ABOUT THIS TASK:
Wherever a line below holds the word "assumes", copy that line.

DATA SUPPLIED:
lemma edge_rel_mono: "T \<subseteq> E \<Longrightarrow> edge_rel T x y \<Longrightarrow> edge_rel E x y"
  by (auto simp: edge_rel_def)

lemma edges_within_subset: "edges_within V E \<Longrightarrow> T \<subseteq> E \<Longrightarrow> edges_within V T"
  by (auto simp: edges_within_def)

lemma edge_rel_in_vertices: "edges_within V E \<Longrightarrow> edge_rel E x y \<Longrightarrow> x \<in> V \<and> y \<in> V"
  unfolding edges_within_def edge_rel_def by (auto simp: doubleton_eq_iff)

lemma is_cycle_two_neighbours:
  assumes "is_cycle T vs" and "v \<in> set vs"
  obtains a b where "a \<in> set vs" "b \<in> set vs" "a \<noteq> b" "edge_rel T v a" "edge_rel T v b"
proof -
  define L where "L = length vs"
  have L3: "L \<ge> 3" and dist: "distinct vs"
    and chain: "\<forall>i < L - 1. edge_rel T (vs ! i) (vs ! Suc i)"
    and close: "edge_rel T (last vs) (hd vs)"
    using assms(1) by (auto simp: is_cycle_def L_def)
  have "vs \<noteq> []" using L3 by (auto simp: L_def)
  then have last_hd: "last vs = vs ! (L - 1)" "hd vs = vs ! 0"
    by (simp_all add: L_def last_conv_nth hd_conv_nth)
  obtain i where i: "i < L" "vs ! i = v"
    using assms(2) by (auto simp: in_set_conv_nth L_def)
  define nxt where "nxt = (if i = L - 1 then 0 else Suc i)"
  define prv where "prv = (if i = 0 then L - 1 else i - 1)"
  have "edge_rel T v (vs ! nxt)"
    using chain close i by (auto simp: nxt_def last_hd)
  moreover have "edge_rel T v (vs ! prv)"
  proof (cases "i = 0")
    case True
    then show ?thesis using close i by (simp add: prv_def last_hd edge_rel_commute)
  next
    case False
    then have "i - 1 < L - 1" using i by simp
    then have "edge_rel T (vs ! (i - 1)) (vs ! Suc (i - 1))" using chain by blast
    then show ?thesis using False i by (simp add: prv_def edge_rel_commute)
  qed
  moreover have "nxt < L" "prv < L" "nxt \<noteq> prv"
    using L3 i by (auto simp: nxt_def prv_def)
  then have "vs ! nxt \<in> set vs" "vs ! prv \<in> set vs" "vs ! nxt \<noteq> vs ! prv"
    using dist by (simp_all add: L_def nth_eq_iff_index_eq)
  ultimately show thesis using that by blast
qed

lemma rtrancl_path_successively:
  "rtrancl_path r x xs y \<Longrightarrow> successively r (x # xs) \<and> last (x # xs) = y"
  by (induction rule: rtrancl_path.induct) (auto simp: successively_Cons)

lemma is_cycle_of_path:
  assumes e: "edge_rel T a b" and p: "(edge_rel (T - {{a, b}}))\<^sup>*\<^sup>* a b"
  obtains vs where "is_cycle T vs"
proof -
  let ?R = "edge_rel (T - {{a, b}})"
  obtain xs where "rtrancl_path ?R a xs b"
    using p by (auto simp: rtranclp_eq_rtrancl_path)
  then obtain ys where path: "rtrancl_path ?R a ys b" and dist: "distinct (a # ys)"
    by (rule rtrancl_path_distinct)
  have chain: "successively ?R (a # ys)" and last: "last (a # ys) = b"
    using rtrancl_path_successively[OF path] by auto
  have "a \<noteq> b" using e by (simp add: edge_rel_def)
  then obtain y ys' where ys: "ys = y # ys'" using last by (cases ys) auto
  have "ys' \<noteq> []"
  proof
    assume "ys' = []"
    then have "?R a b" using chain last ys by simp
    then show False by (simp add: edge_rel_def)
  qed
  then have "length (a # ys) \<ge> 3" using ys by (cases ys') auto
  moreover have "edge_rel T ((a # ys) ! i) ((a # ys) ! Suc i)" if "i < length (a # ys) - 1" for i
  proof -
    have "?R ((a # ys) ! i) ((a # ys) ! Suc i)"
      by (rule successively_nth[OF chain]) (use that in simp)
    then show ?thesis by (rule edge_rel_mono[rotated]) blast
  qed
  moreover have "edge_rel T (last (a # ys)) (hd (a # ys))"
    using last e by (simp add: edge_rel_commute)
  ultimately have "is_cycle T (a # ys)" using dist unfolding is_cycle_def by blast
  then show thesis by (rule that)
qed

lemma connected_subgraph_of_acyclic_eq:
  assumes acyc: "acyclic_graph T" and conn: "graph_connected V T'"
    and sub: "T' \<subseteq> T" and T: "edges_within V T"
  shows "T' = T"
proof (rule ccontr)
  assume "T' \<noteq> T"
  then obtain e where "e \<in> T" "e \<notin> T'" using sub by blast
  then obtain a b where ab: "a \<in> V" "b \<in> V" "a \<noteq> b" "e = {a, b}" "e \<in> T" "e \<notin> T'"
    using T by (auto simp: edges_within_def)
  have "(edge_rel T')\<^sup>*\<^sup>* a b" using conn ab by (auto simp: graph_connected_def)
  moreover have "edge_rel (T - {{a, b}}) x y" if "edge_rel T' x y" for x y
    using that sub ab by (auto simp: edge_rel_def)
  ultimately have path: "(edge_rel (T - {{a, b}}))\<^sup>*\<^sup>* a b" by (metis mono_rtranclp)
  have "edge_rel T a b" using ab by (simp add: edge_rel_def)
  then obtain vs where "is_cycle T vs" using path by (rule is_cycle_of_path)
  with acyc show False unfolding acyclic_graph_def by blast
qed

definition parent_step :: "('a \<Rightarrow> 'a) \<Rightarrow> 'a set \<Rightarrow> 'a \<Rightarrow> 'a \<Rightarrow> bool" where
  "parent_step f W x y \<longleftrightarrow> x \<in> W \<and> y = f x"

lemma parent_step_rtranclp_closed:
  assumes "(parent_step f W)\<^sup>*\<^sup>* v y" "v \<in> C" "\<And>x. x \<in> C \<Longrightarrow> x \<in> W \<Longrightarrow> f x \<in> C"
  shows "y \<in> C"
  using assms by (induction rule: rtranclp_induct) (auto simp: parent_step_def)

lemma parent_step_rtranclp_parent:
  assumes "v \<in> W" "c \<notin> W" "(parent_step f W)\<^sup>*\<^sup>* v c"
  shows "(parent_step f W)\<^sup>*\<^sup>* (f v) c"
  using assms(3)
proof (cases rule: converse_rtranclpE)
  case base
  then show ?thesis using assms by auto
next
  case (step w)
  then show ?thesis by (auto simp: parent_step_def)
qed

lemma rtranclp_parent_step_outside:
  assumes path: "(parent_step f W)\<^sup>*\<^sup>* y c" and "y \<notin> A"
    and closed: "\<And>v. v \<in> W \<Longrightarrow> v \<notin> A \<Longrightarrow> f v \<notin> A"
    and agree: "\<And>v. v \<notin> A \<Longrightarrow> f' v = f v"
  shows "(parent_step f' W)\<^sup>*\<^sup>* y c"
proof -
  have "y \<notin> A \<longrightarrow> (parent_step f' W)\<^sup>*\<^sup>* y c"
    using path
  proof (induction rule: converse_rtranclp_induct)
    case (step y z)
    then show ?case
      using closed agree by (auto simp: parent_step_def intro: converse_rtranclp_into_rtranclp)
  qed simp
  then show ?thesis using \<open>y \<notin> A\<close> by blast
qed

definition dist_to :: "('a \<Rightarrow> 'a \<Rightarrow> bool) \<Rightarrow> 'a \<Rightarrow> 'a \<Rightarrow> nat" where
  "dist_to R c v = (LEAST n. (R ^^ n) v c)"

lemma relpowp_dist_to: "R\<^sup>*\<^sup>* v c \<Longrightarrow> (R ^^ dist_to R c v) v c"
  unfolding dist_to_def rtranclp_power by (rule LeastI_ex)

lemma dist_to_le: "(R ^^ n) v c \<Longrightarrow> dist_to R c v \<le> n"
  unfolding dist_to_def by (rule Least_le)

lemma dist_to_step:
  assumes "R\<^sup>*\<^sup>* v c" "v \<noteq> c"
  obtains w where "R v w" "Suc (dist_to R c w) \<le> dist_to R c v"
proof -
  have path: "(R ^^ dist_to R c v) v c" by (rule relpowp_dist_to[OF assms(1)])
  have "dist_to R c v \<noteq> 0"
  proof
    assume "dist_to R c v = 0"
    with path assms(2) show False by simp
  qed
  then obtain n where n: "dist_to R c v = Suc n" using not0_implies_Suc by blast
  with path obtain w where "R v w" "(R ^^ n) w c" by (metis relpowp_Suc_D2)
  moreover have "dist_to R c w \<le> n" using \<open>(R ^^ n) w c\<close> by (rule dist_to_le)
  ultimately show thesis using that n by simp
qed
(* Let $(m_\epsilon)_{\epsilon\in(0,1)}$ satisfy Assumption P with constant $K$. If $m_\epsilon\to\infty$ and $\bar\sigma_{m_\epsilon}\to0$ as $\epsilon\to0$, then $$\lim_{\epsilon\to0}\mathbb E_{\theta^\circ}P_{\vartheta^{m_\epsilon}|Y}\Big((10K)^{-1}[b_{m_\epsilon}\vee\bar\sigma_{m_\epsilon}]\le\|\vartheta^{m_\epsilon}-\theta^\circ\|^2\le10K[b_{m_\epsilon}\vee\bar\sigma_{m_\epsilon}]\Big)=1.$$
   Context: Let $\ell^2$ be the space of square-summable real sequences with norm $\|\cdot\|$. Fix a bounded real sequence $\lambda=(\lambda_j)_{j\ge1}$ with $\lambda_j\ne0$ for all $j$, a noise level $\epsilon\in(0,1)$ and a true parameter $\theta^\circ\in\ell^2$. The data $Y=(Y_j)_{j\ge1}$ satisfy $Y_j=\lambda_j\theta^\circ_j+\sqrt\epsilon\,\xi_j$ with $\xi_j$ i.i.d. $N(0,1)$; $\mathbb E_{\theta^\circ}$, $P_{\theta^\circ}$ denote expectation and probability under this law. Fix prior means $\eta=(\eta_j)_{j\ge1}$ with $\theta^\circ-\eta\in\ell^2$ and prior variances $\tau_j\in(0,\infty)$ (possibly depending on $\epsilon$). For $m\in\mathbb N$ the sieve prior $P_{\vartheta^m}$ is the law of $\vartheta^m=(\vartheta^m_j)_{j\ge1}$ with independent coordinates, $\vartheta^m_j\sim N(\eta_j,\tau_j)$ for $j\le m$ and $\vartheta^m_j=\eta_j$ a.s. for $j>m$, in the model $Y_j=\lambda_j\vartheta^m_j+\sqrt\epsilon\xi_j$ with $\vartheta^m$ independent of $(\xi_j)$. Put $\sigma_j:=(\lambda_j^2\epsilon^{-1}+\tau_j^{-1})^{-1}$ and $\theta^Y_j:=\sigma_j(\tau_j^{-1}\eta_j+\lambda_j\epsilon^{-1}Y_j)$. The posterior $P_{\vartheta^m|Y}$ makes the coordinates independent with $\vartheta^m_j\sim N(\theta^Y_j,\sigma_j)$ for $j\le m$ and $\vartheta^m_j=\eta_j$ for $j>m$; the Bayes estimator is $\hat\theta^m:=\mathbb E[\vartheta^m|Y]$, i.e. $\hat\theta^m_j=\theta^Y_j$ for $j\le m$, $\hat\theta^m_j=\eta_j$ for $j>m$. Define $b_m:=\sum_{j>m}(\theta^\circ_j-\eta_j)^2$, $\bar\sigma_m:=\sum_{j=1}^m\sigma_j$, $\sigma_{(m)}:=\max_{1\le j\le m}\sigma_j$, $r_m:=\sum_{j=1}^m\sigma_j^2\tau_j^{-2}(\eta_j-\theta^\circ_j)^2$ (the quantities involving $\sigma$ depend on $\epsilon$). Assumption P for a family $(m_\epsilon)_{\epsilon\in(0,1)}\subset\mathbb N$: there exist constants $\epsilon_\theta\in(0,1)$ and $K\in[1,\infty)$ (depending on $\theta^\circ,\lambda,\eta,\tau$) such that $\sup_{0<\epsilon<\epsilon_\theta}(r_{m_\epsilon}\vee m_\epsilon\sigma_{(m_\epsilon)})/(b_{m_\epsilon}\vee\bar\sigma_{m_\epsilon})\le K$. *)

theory Defs
  imports "HOL-Probability.Probability"
begin

text \<open>Coordinates are indexed from 0: paper index j corresponds to j-1 here,
  so the first m coordinates are {..<m}.\<close>

definition sq_norm :: "(nat \<Rightarrow> real) \<Rightarrow> real" where
  "sq_norm f = (\<Sum>j. (f j)\<^sup>2)"

definition post_var :: "(nat \<Rightarrow> real) \<Rightarrow> real \<Rightarrow> (nat \<Rightarrow> real) \<Rightarrow> nat \<Rightarrow> real" where
  "post_var lam eps tau j = inverse ((lam j)\<^sup>2 / eps + inverse (tau j))"

definition post_mean ::
  "(nat \<Rightarrow> real) \<Rightarrow> (nat \<Rightarrow> real) \<Rightarrow> real \<Rightarrow> (nat \<Rightarrow> real) \<Rightarrow> (nat \<Rightarrow> real) \<Rightarrow> nat \<Rightarrow> real" where
  "post_mean lam eta eps tau Y j =
     post_var lam eps tau j * (eta j / tau j + lam j * Y j / eps)"

definition data_law :: "(nat \<Rightarrow> real) \<Rightarrow> (nat \<Rightarrow> real) \<Rightarrow> real \<Rightarrow> (nat \<Rightarrow> real) measure" where
  "data_law lam theta eps =
     PiM UNIV (\<lambda>j. density lborel (normal_density (lam j * theta j) (sqrt eps)))"

text \<open>Sieve posterior: independent coordinates, N(theta^Y_j, sigma_j) for the first m,
  point mass at eta_j otherwise (normal_density takes the standard deviation).\<close>
definition sieve_posterior ::
  "(nat \<Rightarrow> real) \<Rightarrow> (nat \<Rightarrow> real) \<Rightarrow> real \<Rightarrow> (nat \<Rightarrow> real) \<Rightarrow> nat \<Rightarrow> (nat \<Rightarrow> real)
     \<Rightarrow> (nat \<Rightarrow> real) measure" where
  "sieve_posterior lam eta eps tau m Y =
     PiM UNIV (\<lambda>j. if j < m
        then density lborel (normal_density (post_mean lam eta eps tau Y j) (sqrt (post_var lam eps tau j)))
        else return borel (eta j))"

definition bias :: "(nat \<Rightarrow> real) \<Rightarrow> (nat \<Rightarrow> real) \<Rightarrow> nat \<Rightarrow> real" where
  "bias theta eta m = (\<Sum>j. (theta (j + m) - eta (j + m))\<^sup>2)"

definition sigma_bar :: "(nat \<Rightarrow> real) \<Rightarrow> real \<Rightarrow> (nat \<Rightarrow> real) \<Rightarrow> nat \<Rightarrow> real" where
  "sigma_bar lam eps tau m = (\<Sum>j<m. post_var lam eps tau j)"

TASK SOLUTION:
  assumes "is_cycle T vs" and "v \<in> set vs"
  assumes e: "edge_rel T a b" and p: "(edge_rel (T - {{a, b}}))\<^sup>*\<^sup>* a b"
  assumes acyc: "acyclic_graph T" and conn: "graph_connected V T'"
  assumes "(parent_step f W)\<^sup>*\<^sup>* v y" "v \<in> C" "\<And>x. x \<in> C \<Longrightarrow> x \<in> W \<Longrightarrow> f x \<in> C"
  assumes "v \<in> W" "c \<notin> W" "(parent_step f W)\<^sup>*\<^sup>* v c"
  assumes path: "(parent_step f W)\<^sup>*\<^sup>* y c" and "y \<notin> A"
  assumes "R\<^sup>*\<^sup>* v c" "v \<noteq> c"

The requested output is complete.